(Beginning of SUPPLIED ENTRIES)

(* Let $P\subseteq S_n$ be a permutation array with Hamming distance $d$, and let $m\in\{1,\ldots,n-1\}$. Suppose that for any $\sigma,\tau\in P$ the disjoint cycle decomposition of $\sigma^{-1}\tau$ has no cycle of odd length $\ell\in\{3,\ldots,2m+1\}$. Then (1) ${\rm hd}(P^{{\sf CT}^m})\ge d-2m$, and (2) if $d>2m$ then $|P^{{\sf CT}^m}|=|P|$.
   Context: $S_n$ is the symmetric group on $\{0,1,\ldots,n-1\}$, with composition from left to right: $\tau\sigma(x):=\sigma(\tau(x))$. A permutation array is a non-empty subset $P\subseteq S_n$; ${\rm hd}(\sigma,\tau)=|\{x:\sigma(x)\neq\tau(x)\}|$ and the Hamming distance of $P$ is ${\rm hd}(P)=\min\{{\rm hd}(\sigma,\tau):\sigma,\tau\in P,\ \sigma\neq\tau\}$. The contraction of $\sigma\in S_n$ is $\sigma^{\sf CT}\in S_{n-1}$ (on $\{0,\ldots,n-2\}$) defined by $\sigma^{\sf CT}(x)=\sigma(n-1)$ if $x=\sigma^{-1}(n-1)$ and $\sigma^{\sf CT}(x)=\sigma(x)$ otherwise (i.e. delete $n-1$ from the cycle notation). For $1\le m\le n-1$, $\sigma^{{\sf CT}^m}=(\sigma^{{\sf CT}^{m-1}})^{\sf CT}\in S_{n-m}$ with $\sigma^{{\sf CT}^1}=\sigma^{\sf CT}$, and $P^{{\sf CT}^m}=\{\sigma^{{\sf CT}^m}:\sigma\in P\}$. *)

theory Defs
  imports "HOL-Combinatorics.Permutations"
begin

text \<open>Composition in the paper is left to right:
  (tau sigma)(x) = sigma(tau(x)), so the paper's sigma^{-1} tau is the
  Isabelle function  tau o inv sigma.\<close>

definition perm_array :: "nat \<Rightarrow> (nat \<Rightarrow> nat) set \<Rightarrow> bool" where
  "perm_array n P \<longleftrightarrow> P \<noteq> {} \<and> (\<forall>\<sigma>\<in>P. \<sigma> permutes {..<n})"

definition hd_perm :: "nat \<Rightarrow> (nat \<Rightarrow> nat) \<Rightarrow> (nat \<Rightarrow> nat) \<Rightarrow> nat" where
  "hd_perm n \<sigma> \<tau> = card {x \<in> {..<n}. \<sigma> x \<noteq> \<tau> x}"

definition hd_array :: "nat \<Rightarrow> (nat \<Rightarrow> nat) set \<Rightarrow> nat" where
  "hd_array n P = Inf {hd_perm n \<sigma> \<tau> | \<sigma> \<tau>. \<sigma> \<in> P \<and> \<tau> \<in> P \<and> \<sigma> \<noteq> \<tau>}"

text \<open>Contraction of sigma in S_n to S_{n-1}: delete n-1 from the cycle notation.\<close>
definition contract :: "nat \<Rightarrow> (nat \<Rightarrow> nat) \<Rightarrow> (nat \<Rightarrow> nat)" where
  "contract n \<sigma> = (\<lambda>x. if x < n - 1 then (if \<sigma> x = n - 1 then \<sigma> (n - 1) else \<sigma> x) else x)"

fun contract_iter :: "nat \<Rightarrow> nat \<Rightarrow> (nat \<Rightarrow> nat) \<Rightarrow> (nat \<Rightarrow> nat)" where
  "contract_iter 0 n \<sigma> = \<sigma>"
| "contract_iter (Suc m) n \<sigma> = contract (n - m) (contract_iter m n \<sigma>)"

(End of SUPPLIED ENTRIES)

WHAT THE EXERCISE ASKS: What are the exact lines from the beginning of the material through the line containing "x \<noteq> \<tau>"? Write out those lines alone.

PROBLEM SOLUTION:
(* Let $P\subseteq S_n$ be a permutation array with Hamming distance $d$, and let $m\in\{1,\ldots,n-1\}$. Suppose that for any $\sigma,\tau\in P$ the disjoint cycle decomposition of $\sigma^{-1}\tau$ has no cycle of odd length $\ell\in\{3,\ldots,2m+1\}$. Then (1) ${\rm hd}(P^{{\sf CT}^m})\ge d-2m$, and (2) if $d>2m$ then $|P^{{\sf CT}^m}|=|P|$.
   Context: $S_n$ is the symmetric group on $\{0,1,\ldots,n-1\}$, with composition from left to right: $\tau\sigma(x):=\sigma(\tau(x))$. A permutation array is a non-empty subset $P\subseteq S_n$; ${\rm hd}(\sigma,\tau)=|\{x:\sigma(x)\neq\tau(x)\}|$ and the Hamming distance of $P$ is ${\rm hd}(P)=\min\{{\rm hd}(\sigma,\tau):\sigma,\tau\in P,\ \sigma\neq\tau\}$. The contraction of $\sigma\in S_n$ is $\sigma^{\sf CT}\in S_{n-1}$ (on $\{0,\ldots,n-2\}$) defined by $\sigma^{\sf CT}(x)=\sigma(n-1)$ if $x=\sigma^{-1}(n-1)$ and $\sigma^{\sf CT}(x)=\sigma(x)$ otherwise (i.e. delete $n-1$ from the cycle notation). For $1\le m\le n-1$, $\sigma^{{\sf CT}^m}=(\sigma^{{\sf CT}^{m-1}})^{\sf CT}\in S_{n-m}$ with $\sigma^{{\sf CT}^1}=\sigma^{\sf CT}$, and $P^{{\sf CT}^m}=\{\sigma^{{\sf CT}^m}:\sigma\in P\}$. *)

theory Defs
  imports "HOL-Combinatorics.Permutations"
begin

text \<open>Composition in the paper is left to right:
  (tau sigma)(x) = sigma(tau(x)), so the paper's sigma^{-1} tau is the
  Isabelle function  tau o inv sigma.\<close>

definition perm_array :: "nat \<Rightarrow> (nat \<Rightarrow> nat) set \<Rightarrow> bool" where
  "perm_array n P \<longleftrightarrow> P \<noteq> {} \<and> (\<forall>\<sigma>\<in>P. \<sigma> permutes {..<n})"

definition hd_perm :: "nat \<Rightarrow> (nat \<Rightarrow> nat) \<Rightarrow> (nat \<Rightarrow> nat) \<Rightarrow> nat" where
  "hd_perm n \<sigma> \<tau> = card {x \<in> {..<n}. \<sigma> x \<noteq> \<tau> x}"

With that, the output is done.